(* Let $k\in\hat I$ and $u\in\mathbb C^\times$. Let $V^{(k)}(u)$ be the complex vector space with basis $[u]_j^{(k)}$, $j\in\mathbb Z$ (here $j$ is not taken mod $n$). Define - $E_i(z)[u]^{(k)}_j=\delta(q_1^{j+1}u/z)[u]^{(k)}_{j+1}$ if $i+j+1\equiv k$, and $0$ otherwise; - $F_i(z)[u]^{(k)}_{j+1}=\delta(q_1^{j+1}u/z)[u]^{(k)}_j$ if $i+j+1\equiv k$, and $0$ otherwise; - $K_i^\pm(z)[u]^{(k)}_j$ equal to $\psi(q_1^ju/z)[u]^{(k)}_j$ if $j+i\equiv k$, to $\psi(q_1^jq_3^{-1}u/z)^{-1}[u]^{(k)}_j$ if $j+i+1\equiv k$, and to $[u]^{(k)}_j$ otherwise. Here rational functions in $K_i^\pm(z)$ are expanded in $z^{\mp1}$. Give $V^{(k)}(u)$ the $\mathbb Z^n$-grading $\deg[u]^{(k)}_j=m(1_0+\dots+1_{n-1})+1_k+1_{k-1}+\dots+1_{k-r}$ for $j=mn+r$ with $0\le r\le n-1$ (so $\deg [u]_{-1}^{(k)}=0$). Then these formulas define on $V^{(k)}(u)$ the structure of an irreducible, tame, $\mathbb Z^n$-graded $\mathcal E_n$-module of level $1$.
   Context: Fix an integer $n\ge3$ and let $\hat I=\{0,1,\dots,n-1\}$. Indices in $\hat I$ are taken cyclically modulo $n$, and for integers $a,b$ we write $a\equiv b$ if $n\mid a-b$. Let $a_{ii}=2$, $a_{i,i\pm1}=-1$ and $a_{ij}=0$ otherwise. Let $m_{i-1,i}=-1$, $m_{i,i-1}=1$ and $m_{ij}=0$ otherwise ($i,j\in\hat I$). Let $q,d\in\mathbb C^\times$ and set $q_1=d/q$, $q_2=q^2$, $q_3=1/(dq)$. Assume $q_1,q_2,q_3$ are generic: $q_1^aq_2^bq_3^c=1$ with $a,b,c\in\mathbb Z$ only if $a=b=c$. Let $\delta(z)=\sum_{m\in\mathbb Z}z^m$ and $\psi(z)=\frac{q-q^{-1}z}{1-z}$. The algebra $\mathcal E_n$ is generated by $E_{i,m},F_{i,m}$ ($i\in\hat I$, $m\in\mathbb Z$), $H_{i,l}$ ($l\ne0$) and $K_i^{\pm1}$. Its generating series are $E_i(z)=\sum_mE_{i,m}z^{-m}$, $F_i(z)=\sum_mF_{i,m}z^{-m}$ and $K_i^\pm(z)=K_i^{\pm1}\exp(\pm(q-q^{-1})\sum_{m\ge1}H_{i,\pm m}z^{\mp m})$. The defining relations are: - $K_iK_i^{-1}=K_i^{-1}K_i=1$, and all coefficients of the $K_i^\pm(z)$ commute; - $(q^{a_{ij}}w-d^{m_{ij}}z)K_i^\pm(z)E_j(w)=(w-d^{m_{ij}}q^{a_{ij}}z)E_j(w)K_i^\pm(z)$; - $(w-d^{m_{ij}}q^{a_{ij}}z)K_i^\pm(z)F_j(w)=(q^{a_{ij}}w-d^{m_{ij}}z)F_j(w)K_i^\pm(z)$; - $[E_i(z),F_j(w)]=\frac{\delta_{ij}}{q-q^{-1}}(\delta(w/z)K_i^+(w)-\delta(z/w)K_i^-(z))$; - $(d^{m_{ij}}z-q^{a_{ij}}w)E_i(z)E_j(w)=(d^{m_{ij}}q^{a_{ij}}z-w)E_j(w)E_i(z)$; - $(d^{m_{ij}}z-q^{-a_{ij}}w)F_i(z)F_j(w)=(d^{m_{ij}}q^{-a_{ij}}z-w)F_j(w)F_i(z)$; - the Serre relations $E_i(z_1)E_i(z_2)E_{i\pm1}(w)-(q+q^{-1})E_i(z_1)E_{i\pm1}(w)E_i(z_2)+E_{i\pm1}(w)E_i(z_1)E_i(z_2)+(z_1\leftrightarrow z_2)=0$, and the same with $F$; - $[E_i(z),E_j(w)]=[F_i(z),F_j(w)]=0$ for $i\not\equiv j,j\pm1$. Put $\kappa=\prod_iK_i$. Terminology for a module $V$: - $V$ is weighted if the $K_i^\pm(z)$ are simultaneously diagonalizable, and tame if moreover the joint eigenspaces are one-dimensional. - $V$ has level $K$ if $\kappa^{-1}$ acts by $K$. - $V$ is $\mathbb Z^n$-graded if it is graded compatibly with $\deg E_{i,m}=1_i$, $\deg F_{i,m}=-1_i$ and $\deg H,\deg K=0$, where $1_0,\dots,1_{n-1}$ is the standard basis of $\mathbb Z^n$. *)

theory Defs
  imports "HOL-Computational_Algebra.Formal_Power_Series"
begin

========================================

Repeat each line of the data exactly as it appears above.

(* Let $k\in\hat I$ and $u\in\mathbb C^\times$. Let $V^{(k)}(u)$ be the complex vector space with basis $[u]_j^{(k)}$, $j\in\mathbb Z$ (here $j$ is not taken mod $n$). Define - $E_i(z)[u]^{(k)}_j=\delta(q_1^{j+1}u/z)[u]^{(k)}_{j+1}$ if $i+j+1\equiv k$, and $0$ otherwise; - $F_i(z)[u]^{(k)}_{j+1}=\delta(q_1^{j+1}u/z)[u]^{(k)}_j$ if $i+j+1\equiv k$, and $0$ otherwise; - $K_i^\pm(z)[u]^{(k)}_j$ equal to $\psi(q_1^ju/z)[u]^{(k)}_j$ if $j+i\equiv k$, to $\psi(q_1^jq_3^{-1}u/z)^{-1}[u]^{(k)}_j$ if $j+i+1\equiv k$, and to $[u]^{(k)}_j$ otherwise. Here rational functions in $K_i^\pm(z)$ are expanded in $z^{\mp1}$. Give $V^{(k)}(u)$ the $\mathbb Z^n$-grading $\deg[u]^{(k)}_j=m(1_0+\dots+1_{n-1})+1_k+1_{k-1}+\dots+1_{k-r}$ for $j=mn+r$ with $0\le r\le n-1$ (so $\deg [u]_{-1}^{(k)}=0$). Then these formulas define on $V^{(k)}(u)$ the structure of an irreducible, tame, $\mathbb Z^n$-graded $\mathcal E_n$-module of level $1$.
   Context: Fix an integer $n\ge3$ and let $\hat I=\{0,1,\dots,n-1\}$. Indices in $\hat I$ are taken cyclically modulo $n$, and for integers $a,b$ we write $a\equiv b$ if $n\mid a-b$. Let $a_{ii}=2$, $a_{i,i\pm1}=-1$ and $a_{ij}=0$ otherwise. Let $m_{i-1,i}=-1$, $m_{i,i-1}=1$ and $m_{ij}=0$ otherwise ($i,j\in\hat I$). Let $q,d\in\mathbb C^\times$ and set $q_1=d/q$, $q_2=q^2$, $q_3=1/(dq)$. Assume $q_1,q_2,q_3$ are generic: $q_1^aq_2^bq_3^c=1$ with $a,b,c\in\mathbb Z$ only if $a=b=c$. Let $\delta(z)=\sum_{m\in\mathbb Z}z^m$ and $\psi(z)=\frac{q-q^{-1}z}{1-z}$. The algebra $\mathcal E_n$ is generated by $E_{i,m},F_{i,m}$ ($i\in\hat I$, $m\in\mathbb Z$), $H_{i,l}$ ($l\ne0$) and $K_i^{\pm1}$. Its generating series are $E_i(z)=\sum_mE_{i,m}z^{-m}$, $F_i(z)=\sum_mF_{i,m}z^{-m}$ and $K_i^\pm(z)=K_i^{\pm1}\exp(\pm(q-q^{-1})\sum_{m\ge1}H_{i,\pm m}z^{\mp m})$. The defining relations are: - $K_iK_i^{-1}=K_i^{-1}K_i=1$, and all coefficients of the $K_i^\pm(z)$ commute; - $(q^{a_{ij}}w-d^{m_{ij}}z)K_i^\pm(z)E_j(w)=(w-d^{m_{ij}}q^{a_{ij}}z)E_j(w)K_i^\pm(z)$; - $(w-d^{m_{ij}}q^{a_{ij}}z)K_i^\pm(z)F_j(w)=(q^{a_{ij}}w-d^{m_{ij}}z)F_j(w)K_i^\pm(z)$; - $[E_i(z),F_j(w)]=\frac{\delta_{ij}}{q-q^{-1}}(\delta(w/z)K_i^+(w)-\delta(z/w)K_i^-(z))$; - $(d^{m_{ij}}z-q^{a_{ij}}w)E_i(z)E_j(w)=(d^{m_{ij}}q^{a_{ij}}z-w)E_j(w)E_i(z)$; - $(d^{m_{ij}}z-q^{-a_{ij}}w)F_i(z)F_j(w)=(d^{m_{ij}}q^{-a_{ij}}z-w)F_j(w)F_i(z)$; - the Serre relations $E_i(z_1)E_i(z_2)E_{i\pm1}(w)-(q+q^{-1})E_i(z_1)E_{i\pm1}(w)E_i(z_2)+E_{i\pm1}(w)E_i(z_1)E_i(z_2)+(z_1\leftrightarrow z_2)=0$, and the same with $F$; - $[E_i(z),E_j(w)]=[F_i(z),F_j(w)]=0$ for $i\not\equiv j,j\pm1$. Put $\kappa=\prod_iK_i$. Terminology for a module $V$: - $V$ is weighted if the $K_i^\pm(z)$ are simultaneously diagonalizable, and tame if moreover the joint eigenspaces are one-dimensional. - $V$ has level $K$ if $\kappa^{-1}$ acts by $K$. - $V$ is $\mathbb Z^n$-graded if it is graded compatibly with $\deg E_{i,m}=1_i$, $\deg F_{i,m}=-1_i$ and $\deg H,\deg K=0$, where $1_0,\dots,1_{n-1}$ is the standard basis of $\mathbb Z^n$. *)

theory Defs
  imports "HOL-Computational_Algebra.Formal_Power_Series"
begin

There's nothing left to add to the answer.